* Task to complete: Pull each line holding the word "decomposition" from the data.

[Records contained in a dataset]
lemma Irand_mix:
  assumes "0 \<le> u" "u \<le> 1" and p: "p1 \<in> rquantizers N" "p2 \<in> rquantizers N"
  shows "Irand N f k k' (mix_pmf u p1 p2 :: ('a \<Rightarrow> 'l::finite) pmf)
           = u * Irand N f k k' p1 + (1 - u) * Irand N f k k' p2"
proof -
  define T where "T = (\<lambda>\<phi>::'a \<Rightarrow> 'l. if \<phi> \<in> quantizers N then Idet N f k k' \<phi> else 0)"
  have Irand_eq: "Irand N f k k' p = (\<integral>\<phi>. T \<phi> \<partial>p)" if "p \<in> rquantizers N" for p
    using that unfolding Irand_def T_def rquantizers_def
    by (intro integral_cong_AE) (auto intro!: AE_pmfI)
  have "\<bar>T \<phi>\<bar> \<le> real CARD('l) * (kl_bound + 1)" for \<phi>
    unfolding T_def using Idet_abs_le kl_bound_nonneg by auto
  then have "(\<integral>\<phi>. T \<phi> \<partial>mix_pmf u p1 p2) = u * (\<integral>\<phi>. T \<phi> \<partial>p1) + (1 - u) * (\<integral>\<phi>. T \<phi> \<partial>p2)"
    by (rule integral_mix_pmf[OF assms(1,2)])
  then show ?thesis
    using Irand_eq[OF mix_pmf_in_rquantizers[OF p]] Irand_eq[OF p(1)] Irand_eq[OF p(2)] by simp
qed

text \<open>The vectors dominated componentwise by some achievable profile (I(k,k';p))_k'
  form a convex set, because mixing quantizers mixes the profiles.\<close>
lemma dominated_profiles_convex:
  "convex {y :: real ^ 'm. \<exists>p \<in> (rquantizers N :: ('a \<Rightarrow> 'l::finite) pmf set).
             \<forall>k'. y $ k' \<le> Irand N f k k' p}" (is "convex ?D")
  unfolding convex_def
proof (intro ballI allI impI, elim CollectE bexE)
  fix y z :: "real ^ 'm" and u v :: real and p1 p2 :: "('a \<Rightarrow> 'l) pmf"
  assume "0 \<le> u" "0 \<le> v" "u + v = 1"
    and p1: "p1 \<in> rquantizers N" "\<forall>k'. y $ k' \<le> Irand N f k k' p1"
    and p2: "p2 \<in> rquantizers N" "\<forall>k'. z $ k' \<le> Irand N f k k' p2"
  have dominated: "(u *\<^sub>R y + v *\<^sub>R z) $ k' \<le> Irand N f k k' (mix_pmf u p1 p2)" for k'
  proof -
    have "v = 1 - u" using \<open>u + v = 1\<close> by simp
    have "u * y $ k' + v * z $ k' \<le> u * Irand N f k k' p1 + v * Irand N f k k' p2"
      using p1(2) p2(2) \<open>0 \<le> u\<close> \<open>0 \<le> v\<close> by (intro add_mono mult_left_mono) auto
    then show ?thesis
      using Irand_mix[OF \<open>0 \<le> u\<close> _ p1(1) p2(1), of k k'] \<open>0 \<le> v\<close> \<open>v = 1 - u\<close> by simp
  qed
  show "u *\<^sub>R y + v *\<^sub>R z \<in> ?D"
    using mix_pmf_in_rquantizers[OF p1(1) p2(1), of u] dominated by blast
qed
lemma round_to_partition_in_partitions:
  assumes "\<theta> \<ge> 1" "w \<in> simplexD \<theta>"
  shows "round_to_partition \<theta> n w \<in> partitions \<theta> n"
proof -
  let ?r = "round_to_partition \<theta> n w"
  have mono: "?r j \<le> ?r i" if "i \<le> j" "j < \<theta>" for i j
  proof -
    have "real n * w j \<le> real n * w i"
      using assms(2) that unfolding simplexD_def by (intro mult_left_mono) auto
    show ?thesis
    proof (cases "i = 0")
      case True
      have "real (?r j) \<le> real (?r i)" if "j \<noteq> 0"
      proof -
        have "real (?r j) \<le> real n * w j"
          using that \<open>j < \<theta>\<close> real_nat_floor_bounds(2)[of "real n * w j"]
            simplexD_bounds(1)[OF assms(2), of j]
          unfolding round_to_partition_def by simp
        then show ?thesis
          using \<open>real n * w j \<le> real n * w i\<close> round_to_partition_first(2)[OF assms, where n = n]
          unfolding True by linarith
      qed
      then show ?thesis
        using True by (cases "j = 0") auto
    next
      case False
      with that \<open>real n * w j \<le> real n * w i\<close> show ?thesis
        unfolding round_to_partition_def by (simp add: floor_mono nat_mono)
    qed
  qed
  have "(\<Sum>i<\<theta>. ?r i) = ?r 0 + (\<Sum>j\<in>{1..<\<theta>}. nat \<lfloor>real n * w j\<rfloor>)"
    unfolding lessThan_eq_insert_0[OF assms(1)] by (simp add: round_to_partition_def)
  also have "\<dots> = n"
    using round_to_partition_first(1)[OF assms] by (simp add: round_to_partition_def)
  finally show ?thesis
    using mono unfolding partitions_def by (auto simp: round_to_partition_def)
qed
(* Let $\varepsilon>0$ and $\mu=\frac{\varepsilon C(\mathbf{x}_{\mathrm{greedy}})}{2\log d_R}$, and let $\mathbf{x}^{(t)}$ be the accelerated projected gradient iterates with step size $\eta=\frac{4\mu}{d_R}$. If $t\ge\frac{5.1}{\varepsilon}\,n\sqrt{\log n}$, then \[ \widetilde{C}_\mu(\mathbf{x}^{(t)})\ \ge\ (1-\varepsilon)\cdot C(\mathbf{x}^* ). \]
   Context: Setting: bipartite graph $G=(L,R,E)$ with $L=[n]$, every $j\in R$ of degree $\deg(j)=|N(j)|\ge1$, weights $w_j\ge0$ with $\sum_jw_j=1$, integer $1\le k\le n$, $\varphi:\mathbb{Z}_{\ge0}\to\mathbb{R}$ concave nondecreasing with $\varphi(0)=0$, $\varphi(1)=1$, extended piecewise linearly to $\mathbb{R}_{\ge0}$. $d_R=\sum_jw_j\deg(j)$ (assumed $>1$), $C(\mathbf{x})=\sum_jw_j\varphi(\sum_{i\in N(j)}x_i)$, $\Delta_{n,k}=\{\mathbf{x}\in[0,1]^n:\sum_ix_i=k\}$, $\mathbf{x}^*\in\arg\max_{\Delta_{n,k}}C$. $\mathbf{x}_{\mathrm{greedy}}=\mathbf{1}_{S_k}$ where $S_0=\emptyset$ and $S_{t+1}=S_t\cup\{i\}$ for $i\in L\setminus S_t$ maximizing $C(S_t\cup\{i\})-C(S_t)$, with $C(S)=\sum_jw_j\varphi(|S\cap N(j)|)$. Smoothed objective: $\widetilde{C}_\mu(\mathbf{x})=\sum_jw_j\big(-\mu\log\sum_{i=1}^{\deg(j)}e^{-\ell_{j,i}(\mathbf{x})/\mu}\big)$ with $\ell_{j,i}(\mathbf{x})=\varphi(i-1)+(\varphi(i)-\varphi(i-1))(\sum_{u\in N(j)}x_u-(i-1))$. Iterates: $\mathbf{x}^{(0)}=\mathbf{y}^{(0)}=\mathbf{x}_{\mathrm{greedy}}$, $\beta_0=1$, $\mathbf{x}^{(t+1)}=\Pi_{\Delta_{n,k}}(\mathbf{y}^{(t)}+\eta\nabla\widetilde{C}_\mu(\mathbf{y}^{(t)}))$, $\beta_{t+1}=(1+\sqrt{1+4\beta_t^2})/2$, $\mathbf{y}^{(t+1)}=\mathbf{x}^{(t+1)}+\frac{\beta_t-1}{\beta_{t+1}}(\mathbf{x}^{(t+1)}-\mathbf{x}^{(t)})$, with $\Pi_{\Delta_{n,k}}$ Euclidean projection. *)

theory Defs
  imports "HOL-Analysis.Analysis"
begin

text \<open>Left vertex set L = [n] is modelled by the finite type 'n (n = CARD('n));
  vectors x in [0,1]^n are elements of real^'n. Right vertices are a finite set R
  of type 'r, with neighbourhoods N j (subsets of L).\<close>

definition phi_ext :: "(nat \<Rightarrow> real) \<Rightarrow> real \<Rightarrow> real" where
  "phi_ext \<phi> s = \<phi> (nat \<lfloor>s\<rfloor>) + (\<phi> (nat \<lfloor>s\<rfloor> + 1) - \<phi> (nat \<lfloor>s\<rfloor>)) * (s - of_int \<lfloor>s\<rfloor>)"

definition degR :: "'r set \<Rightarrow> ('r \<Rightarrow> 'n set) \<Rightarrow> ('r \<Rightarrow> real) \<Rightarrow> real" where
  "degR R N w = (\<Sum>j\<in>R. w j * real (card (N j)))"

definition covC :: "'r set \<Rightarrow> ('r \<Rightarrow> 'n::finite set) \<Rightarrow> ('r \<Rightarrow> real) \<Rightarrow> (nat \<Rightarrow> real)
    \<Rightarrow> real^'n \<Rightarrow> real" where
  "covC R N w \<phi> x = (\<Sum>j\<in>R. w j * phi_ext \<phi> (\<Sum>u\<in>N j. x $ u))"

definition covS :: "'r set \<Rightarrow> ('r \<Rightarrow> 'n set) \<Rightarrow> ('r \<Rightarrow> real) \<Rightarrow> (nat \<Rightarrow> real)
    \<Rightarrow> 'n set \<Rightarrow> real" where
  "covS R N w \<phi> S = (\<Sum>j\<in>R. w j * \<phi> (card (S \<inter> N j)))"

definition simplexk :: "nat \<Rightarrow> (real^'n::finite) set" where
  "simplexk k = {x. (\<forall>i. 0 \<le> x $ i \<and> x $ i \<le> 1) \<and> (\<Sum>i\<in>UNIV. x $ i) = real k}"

==

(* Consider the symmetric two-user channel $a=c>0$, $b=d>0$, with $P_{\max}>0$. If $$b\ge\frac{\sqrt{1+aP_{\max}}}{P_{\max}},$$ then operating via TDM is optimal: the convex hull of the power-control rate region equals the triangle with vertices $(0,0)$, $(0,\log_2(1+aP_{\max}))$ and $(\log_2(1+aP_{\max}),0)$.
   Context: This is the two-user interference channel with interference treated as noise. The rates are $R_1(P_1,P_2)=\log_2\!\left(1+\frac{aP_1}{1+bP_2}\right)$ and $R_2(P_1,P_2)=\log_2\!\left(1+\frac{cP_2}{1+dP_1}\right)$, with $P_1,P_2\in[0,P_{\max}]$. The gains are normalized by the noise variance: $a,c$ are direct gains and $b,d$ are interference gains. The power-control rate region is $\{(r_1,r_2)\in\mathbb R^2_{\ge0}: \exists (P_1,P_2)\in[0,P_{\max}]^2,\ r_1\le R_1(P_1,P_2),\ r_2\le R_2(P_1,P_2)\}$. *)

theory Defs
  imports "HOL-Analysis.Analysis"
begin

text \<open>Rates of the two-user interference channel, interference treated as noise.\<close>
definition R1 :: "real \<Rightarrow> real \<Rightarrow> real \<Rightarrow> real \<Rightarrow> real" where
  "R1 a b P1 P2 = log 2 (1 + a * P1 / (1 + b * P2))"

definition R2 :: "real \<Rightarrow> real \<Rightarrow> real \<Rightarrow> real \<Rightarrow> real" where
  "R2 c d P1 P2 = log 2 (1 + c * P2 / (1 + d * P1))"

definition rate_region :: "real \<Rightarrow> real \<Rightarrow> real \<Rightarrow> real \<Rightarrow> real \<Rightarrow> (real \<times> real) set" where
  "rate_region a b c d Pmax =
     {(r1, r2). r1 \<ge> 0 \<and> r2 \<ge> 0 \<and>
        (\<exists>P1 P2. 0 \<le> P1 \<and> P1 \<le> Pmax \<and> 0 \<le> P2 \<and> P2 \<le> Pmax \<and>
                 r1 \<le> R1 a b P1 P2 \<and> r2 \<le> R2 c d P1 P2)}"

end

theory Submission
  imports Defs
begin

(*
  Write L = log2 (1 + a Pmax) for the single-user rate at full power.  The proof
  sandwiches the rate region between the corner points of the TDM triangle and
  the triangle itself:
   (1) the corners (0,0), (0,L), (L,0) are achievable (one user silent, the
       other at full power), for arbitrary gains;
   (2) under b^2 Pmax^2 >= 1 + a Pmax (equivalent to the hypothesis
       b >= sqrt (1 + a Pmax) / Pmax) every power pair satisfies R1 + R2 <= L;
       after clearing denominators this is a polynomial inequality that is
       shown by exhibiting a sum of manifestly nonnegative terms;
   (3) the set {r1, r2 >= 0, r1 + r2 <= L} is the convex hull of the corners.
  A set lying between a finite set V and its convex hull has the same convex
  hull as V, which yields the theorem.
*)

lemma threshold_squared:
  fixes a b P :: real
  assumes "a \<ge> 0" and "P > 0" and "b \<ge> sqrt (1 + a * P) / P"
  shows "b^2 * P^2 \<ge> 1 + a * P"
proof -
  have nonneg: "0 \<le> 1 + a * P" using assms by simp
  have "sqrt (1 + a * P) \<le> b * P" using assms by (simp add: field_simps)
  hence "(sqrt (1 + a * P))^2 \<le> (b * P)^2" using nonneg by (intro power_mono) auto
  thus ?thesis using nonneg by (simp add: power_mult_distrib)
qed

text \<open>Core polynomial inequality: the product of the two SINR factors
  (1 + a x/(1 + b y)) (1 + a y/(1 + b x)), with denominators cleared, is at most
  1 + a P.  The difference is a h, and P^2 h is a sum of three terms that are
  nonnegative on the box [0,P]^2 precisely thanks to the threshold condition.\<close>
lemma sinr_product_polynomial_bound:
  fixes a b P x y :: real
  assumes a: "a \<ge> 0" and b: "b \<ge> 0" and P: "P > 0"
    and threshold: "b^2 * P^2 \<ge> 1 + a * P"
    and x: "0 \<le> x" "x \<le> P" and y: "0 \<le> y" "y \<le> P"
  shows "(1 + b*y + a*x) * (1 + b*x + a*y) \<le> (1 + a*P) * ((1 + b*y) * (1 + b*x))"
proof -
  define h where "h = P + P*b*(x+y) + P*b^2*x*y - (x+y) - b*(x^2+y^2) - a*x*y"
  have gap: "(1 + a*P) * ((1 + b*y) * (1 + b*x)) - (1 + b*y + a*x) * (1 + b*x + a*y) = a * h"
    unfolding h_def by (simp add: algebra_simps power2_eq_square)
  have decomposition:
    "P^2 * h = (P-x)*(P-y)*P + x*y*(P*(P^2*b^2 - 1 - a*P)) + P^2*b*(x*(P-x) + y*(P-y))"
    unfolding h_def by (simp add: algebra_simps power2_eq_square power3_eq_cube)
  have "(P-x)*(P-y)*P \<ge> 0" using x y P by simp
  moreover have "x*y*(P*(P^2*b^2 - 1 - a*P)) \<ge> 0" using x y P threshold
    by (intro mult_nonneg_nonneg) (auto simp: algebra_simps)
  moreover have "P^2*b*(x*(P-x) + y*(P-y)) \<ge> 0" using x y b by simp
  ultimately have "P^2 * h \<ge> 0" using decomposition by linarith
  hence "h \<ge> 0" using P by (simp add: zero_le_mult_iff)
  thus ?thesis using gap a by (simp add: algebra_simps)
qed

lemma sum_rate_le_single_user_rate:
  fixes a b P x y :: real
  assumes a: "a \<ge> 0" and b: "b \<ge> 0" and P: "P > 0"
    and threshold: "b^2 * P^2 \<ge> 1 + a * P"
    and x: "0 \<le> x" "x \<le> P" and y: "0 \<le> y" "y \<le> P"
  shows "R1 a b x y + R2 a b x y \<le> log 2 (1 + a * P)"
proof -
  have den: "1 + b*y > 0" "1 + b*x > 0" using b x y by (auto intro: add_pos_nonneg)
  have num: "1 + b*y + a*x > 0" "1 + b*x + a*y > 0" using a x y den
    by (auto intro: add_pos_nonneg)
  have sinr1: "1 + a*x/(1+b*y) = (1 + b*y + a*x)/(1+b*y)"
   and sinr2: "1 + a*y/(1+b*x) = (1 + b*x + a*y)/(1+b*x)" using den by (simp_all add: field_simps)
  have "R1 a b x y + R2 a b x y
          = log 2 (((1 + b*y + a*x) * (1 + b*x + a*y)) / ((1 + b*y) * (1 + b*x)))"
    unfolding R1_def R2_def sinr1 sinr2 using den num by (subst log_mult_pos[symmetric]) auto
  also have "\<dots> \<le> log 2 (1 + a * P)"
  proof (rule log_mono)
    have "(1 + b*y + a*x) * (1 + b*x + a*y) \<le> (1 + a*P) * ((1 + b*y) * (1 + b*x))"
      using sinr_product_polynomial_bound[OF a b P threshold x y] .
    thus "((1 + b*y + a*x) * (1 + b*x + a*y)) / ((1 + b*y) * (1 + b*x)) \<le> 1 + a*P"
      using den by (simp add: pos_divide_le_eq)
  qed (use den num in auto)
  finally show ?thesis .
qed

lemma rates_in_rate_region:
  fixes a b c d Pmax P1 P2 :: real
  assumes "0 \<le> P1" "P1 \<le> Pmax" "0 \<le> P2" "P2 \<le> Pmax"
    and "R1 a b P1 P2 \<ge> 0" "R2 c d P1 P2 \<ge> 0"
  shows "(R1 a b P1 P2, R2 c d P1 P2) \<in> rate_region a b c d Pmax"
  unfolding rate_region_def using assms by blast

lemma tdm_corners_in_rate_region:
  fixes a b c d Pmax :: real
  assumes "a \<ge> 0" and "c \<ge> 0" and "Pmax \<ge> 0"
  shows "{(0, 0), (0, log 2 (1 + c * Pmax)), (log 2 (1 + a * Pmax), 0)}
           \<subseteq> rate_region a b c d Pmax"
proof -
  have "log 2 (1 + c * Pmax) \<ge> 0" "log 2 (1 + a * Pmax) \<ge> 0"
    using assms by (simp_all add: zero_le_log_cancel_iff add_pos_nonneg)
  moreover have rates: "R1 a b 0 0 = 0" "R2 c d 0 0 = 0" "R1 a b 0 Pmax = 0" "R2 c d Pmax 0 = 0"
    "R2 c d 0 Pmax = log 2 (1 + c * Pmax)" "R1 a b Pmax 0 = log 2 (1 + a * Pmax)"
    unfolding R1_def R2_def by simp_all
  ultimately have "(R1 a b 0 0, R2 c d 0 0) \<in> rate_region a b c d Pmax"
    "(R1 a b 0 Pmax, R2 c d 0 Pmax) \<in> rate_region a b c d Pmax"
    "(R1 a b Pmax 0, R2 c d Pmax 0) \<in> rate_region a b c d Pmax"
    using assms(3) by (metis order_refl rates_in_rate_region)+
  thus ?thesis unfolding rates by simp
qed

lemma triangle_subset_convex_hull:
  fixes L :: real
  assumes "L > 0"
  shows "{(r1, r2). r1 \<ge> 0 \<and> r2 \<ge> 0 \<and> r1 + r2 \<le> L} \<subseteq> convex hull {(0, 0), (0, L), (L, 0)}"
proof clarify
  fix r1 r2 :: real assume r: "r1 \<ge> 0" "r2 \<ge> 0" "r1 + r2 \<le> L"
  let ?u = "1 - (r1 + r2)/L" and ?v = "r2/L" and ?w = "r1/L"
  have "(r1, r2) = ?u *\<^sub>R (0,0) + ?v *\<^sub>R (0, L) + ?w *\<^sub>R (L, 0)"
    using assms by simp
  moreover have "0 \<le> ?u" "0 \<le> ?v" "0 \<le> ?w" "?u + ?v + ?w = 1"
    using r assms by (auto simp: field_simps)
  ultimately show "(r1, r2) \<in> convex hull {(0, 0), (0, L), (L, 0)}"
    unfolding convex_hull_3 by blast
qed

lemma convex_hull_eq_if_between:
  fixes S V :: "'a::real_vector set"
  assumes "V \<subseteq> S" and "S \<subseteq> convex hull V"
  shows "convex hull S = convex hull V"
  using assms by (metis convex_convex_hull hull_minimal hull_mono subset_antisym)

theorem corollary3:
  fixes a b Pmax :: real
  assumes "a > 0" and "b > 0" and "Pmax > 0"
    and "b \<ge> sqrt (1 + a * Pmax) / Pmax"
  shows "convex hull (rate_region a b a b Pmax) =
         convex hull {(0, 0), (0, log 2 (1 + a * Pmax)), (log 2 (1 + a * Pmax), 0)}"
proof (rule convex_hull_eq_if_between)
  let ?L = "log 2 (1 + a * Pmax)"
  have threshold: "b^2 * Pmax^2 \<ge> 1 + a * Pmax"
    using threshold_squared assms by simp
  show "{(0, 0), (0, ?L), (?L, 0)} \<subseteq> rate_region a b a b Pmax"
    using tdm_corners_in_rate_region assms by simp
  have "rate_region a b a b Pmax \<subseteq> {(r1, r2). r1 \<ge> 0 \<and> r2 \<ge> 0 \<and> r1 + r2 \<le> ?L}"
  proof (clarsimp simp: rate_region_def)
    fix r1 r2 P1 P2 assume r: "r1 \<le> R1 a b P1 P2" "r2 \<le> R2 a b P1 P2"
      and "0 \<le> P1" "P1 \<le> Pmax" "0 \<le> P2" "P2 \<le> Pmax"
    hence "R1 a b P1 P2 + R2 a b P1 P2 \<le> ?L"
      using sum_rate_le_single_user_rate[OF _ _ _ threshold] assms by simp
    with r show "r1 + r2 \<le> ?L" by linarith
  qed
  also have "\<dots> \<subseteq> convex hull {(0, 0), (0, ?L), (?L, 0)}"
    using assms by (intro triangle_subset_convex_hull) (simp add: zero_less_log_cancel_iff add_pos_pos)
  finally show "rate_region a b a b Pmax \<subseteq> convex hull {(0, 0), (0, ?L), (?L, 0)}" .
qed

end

* Answer to this exercise:
  have decomposition:
  ultimately have "P^2 * h \<ge> 0" using decomposition by linarith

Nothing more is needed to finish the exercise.